## WORK REQUEST
Return the listing in full, word for word.

## GIVEN RECORDS
theorem theorem5:
  fixes P :: "('x \<times> 'y) measure"
    and h :: "(nat \<Rightarrow> 'x \<times> 'y) \<Rightarrow> 'x \<Rightarrow> real^'d"
    and loss :: "real^'d \<Rightarrow> 'y \<Rightarrow> real"
    and n :: nat and \<beta> \<beta>\<^sub>1 L :: real
  assumes "n \<ge> 2"
    and "prob_space P"
    and meas: "(\<lambda>(z, w). loss (h z (fst w)) (snd w))
               \<in> borel_measurable (PiM {..<n-1} (\<lambda>_. P) \<Otimes>\<^sub>M P)"
    and "train_stable (n-1) h \<beta>"
    and "test_stable (n-1) h \<beta>\<^sub>1"
    and "\<And>r y. 0 \<le> loss r y \<and> loss r y \<le> 1"
    and "\<And>r r' y. \<bar>loss r y - loss r' y\<bar> \<le> L * norm (r - r')"
  shows "gen (n-1) P loss h
           \<le> sqrt (4 * (real n / (real n - 1)) * L *
                   sqrt (real n * real CARD('d) * (real n * \<beta>\<^sup>2 + 2 * \<beta>\<^sub>1\<^sup>2)))"
proof (rule real_le_rsqrt)
  let ?g = "gen (n-1) P loss h"
  let ?S = "sqrt (real n * real CARD('d) * (real n * \<beta>\<^sup>2 + 2 * \<beta>\<^sub>1\<^sup>2))"
  have "0 \<le> L" by (rule lipschitz_constant_nonneg) fact
  have "1 \<le> real n * real CARD('d)"
    using \<open>n \<ge> 2\<close> by (simp add: Suc_leI mult_ge1_I)
  from mult_right_mono[OF this, of "real n * \<beta>\<^sup>2 + 2 * \<beta>\<^sub>1\<^sup>2"]
  have "real n * \<beta>\<^sup>2 + 2 * \<beta>\<^sub>1\<^sup>2 \<le> real n * real CARD('d) * (real n * \<beta>\<^sup>2 + 2 * \<beta>\<^sub>1\<^sup>2)"
    by simp
  then have "\<beta>\<^sub>1\<^sup>2 \<le> real n * real CARD('d) * (real n * \<beta>\<^sup>2 + 2 * \<beta>\<^sub>1\<^sup>2)"
    by (smt (verit) zero_le_power2 mult_nonneg_nonneg of_nat_0_le_iff)
  then have "\<bar>\<beta>\<^sub>1\<bar> \<le> ?S" by (metis real_sqrt_abs real_sqrt_le_mono)
  have "0 \<le> ?g" "?g \<le> 1"
    using gen_le_1[of P loss, OF assms(2,6)] by (simp_all add: gen_def)
  then have "?g\<^sup>2 \<le> ?g" by (simp add: power2_eq_square mult_left_le)
  also have "?g \<le> L * \<bar>\<beta>\<^sub>1\<bar>"
    using gen_le_test_stable[OF assms(2,3,5,6,7) \<open>0 \<le> L\<close>] \<open>n \<ge> 2\<close> by simp
  also have "\<dots> \<le> L * ?S"
    using \<open>\<bar>\<beta>\<^sub>1\<bar> \<le> ?S\<close> \<open>0 \<le> L\<close> by (rule mult_left_mono)
  also have "\<dots> \<le> 4 * (real n / (real n - 1)) * L * ?S"
    using \<open>n \<ge> 2\<close> \<open>0 \<le> L\<close> by (simp add: field_simps mult_right_mono)
  finally show "?g\<^sup>2 \<le> 4 * (real n / (real n - 1)) * L * ?S" .
qed
end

## RESULT OF THE EXERCISE
theorem theorem5:
  fixes P :: "('x \<times> 'y) measure"
    and h :: "(nat \<Rightarrow> 'x \<times> 'y) \<Rightarrow> 'x \<Rightarrow> real^'d"
    and loss :: "real^'d \<Rightarrow> 'y \<Rightarrow> real"
    and n :: nat and \<beta> \<beta>\<^sub>1 L :: real
  assumes "n \<ge> 2"
    and "prob_space P"
    and meas: "(\<lambda>(z, w). loss (h z (fst w)) (snd w))
               \<in> borel_measurable (PiM {..<n-1} (\<lambda>_. P) \<Otimes>\<^sub>M P)"
    and "train_stable (n-1) h \<beta>"
    and "test_stable (n-1) h \<beta>\<^sub>1"
    and "\<And>r y. 0 \<le> loss r y \<and> loss r y \<le> 1"
    and "\<And>r r' y. \<bar>loss r y - loss r' y\<bar> \<le> L * norm (r - r')"
  shows "gen (n-1) P loss h
           \<le> sqrt (4 * (real n / (real n - 1)) * L *
                   sqrt (real n * real CARD('d) * (real n * \<beta>\<^sup>2 + 2 * \<beta>\<^sub>1\<^sup>2)))"
proof (rule real_le_rsqrt)
  let ?g = "gen (n-1) P loss h"
  let ?S = "sqrt (real n * real CARD('d) * (real n * \<beta>\<^sup>2 + 2 * \<beta>\<^sub>1\<^sup>2))"
  have "0 \<le> L" by (rule lipschitz_constant_nonneg) fact
  have "1 \<le> real n * real CARD('d)"
    using \<open>n \<ge> 2\<close> by (simp add: Suc_leI mult_ge1_I)
  from mult_right_mono[OF this, of "real n * \<beta>\<^sup>2 + 2 * \<beta>\<^sub>1\<^sup>2"]
  have "real n * \<beta>\<^sup>2 + 2 * \<beta>\<^sub>1\<^sup>2 \<le> real n * real CARD('d) * (real n * \<beta>\<^sup>2 + 2 * \<beta>\<^sub>1\<^sup>2)"
    by simp
  then have "\<beta>\<^sub>1\<^sup>2 \<le> real n * real CARD('d) * (real n * \<beta>\<^sup>2 + 2 * \<beta>\<^sub>1\<^sup>2)"
    by (smt (verit) zero_le_power2 mult_nonneg_nonneg of_nat_0_le_iff)
  then have "\<bar>\<beta>\<^sub>1\<bar> \<le> ?S" by (metis real_sqrt_abs real_sqrt_le_mono)
  have "0 \<le> ?g" "?g \<le> 1"
    using gen_le_1[of P loss, OF assms(2,6)] by (simp_all add: gen_def)
  then have "?g\<^sup>2 \<le> ?g" by (simp add: power2_eq_square mult_left_le)
  also have "?g \<le> L * \<bar>\<beta>\<^sub>1\<bar>"
    using gen_le_test_stable[OF assms(2,3,5,6,7) \<open>0 \<le> L\<close>] \<open>n \<ge> 2\<close> by simp
  also have "\<dots> \<le> L * ?S"
    using \<open>\<bar>\<beta>\<^sub>1\<bar> \<le> ?S\<close> \<open>0 \<le> L\<close> by (rule mult_left_mono)
  also have "\<dots> \<le> 4 * (real n / (real n - 1)) * L * ?S"
    using \<open>n \<ge> 2\<close> \<open>0 \<le> L\<close> by (simp add: field_simps mult_right_mono)
  finally show "?g\<^sup>2 \<le> 4 * (real n / (real n - 1)) * L * ?S" .
qed
end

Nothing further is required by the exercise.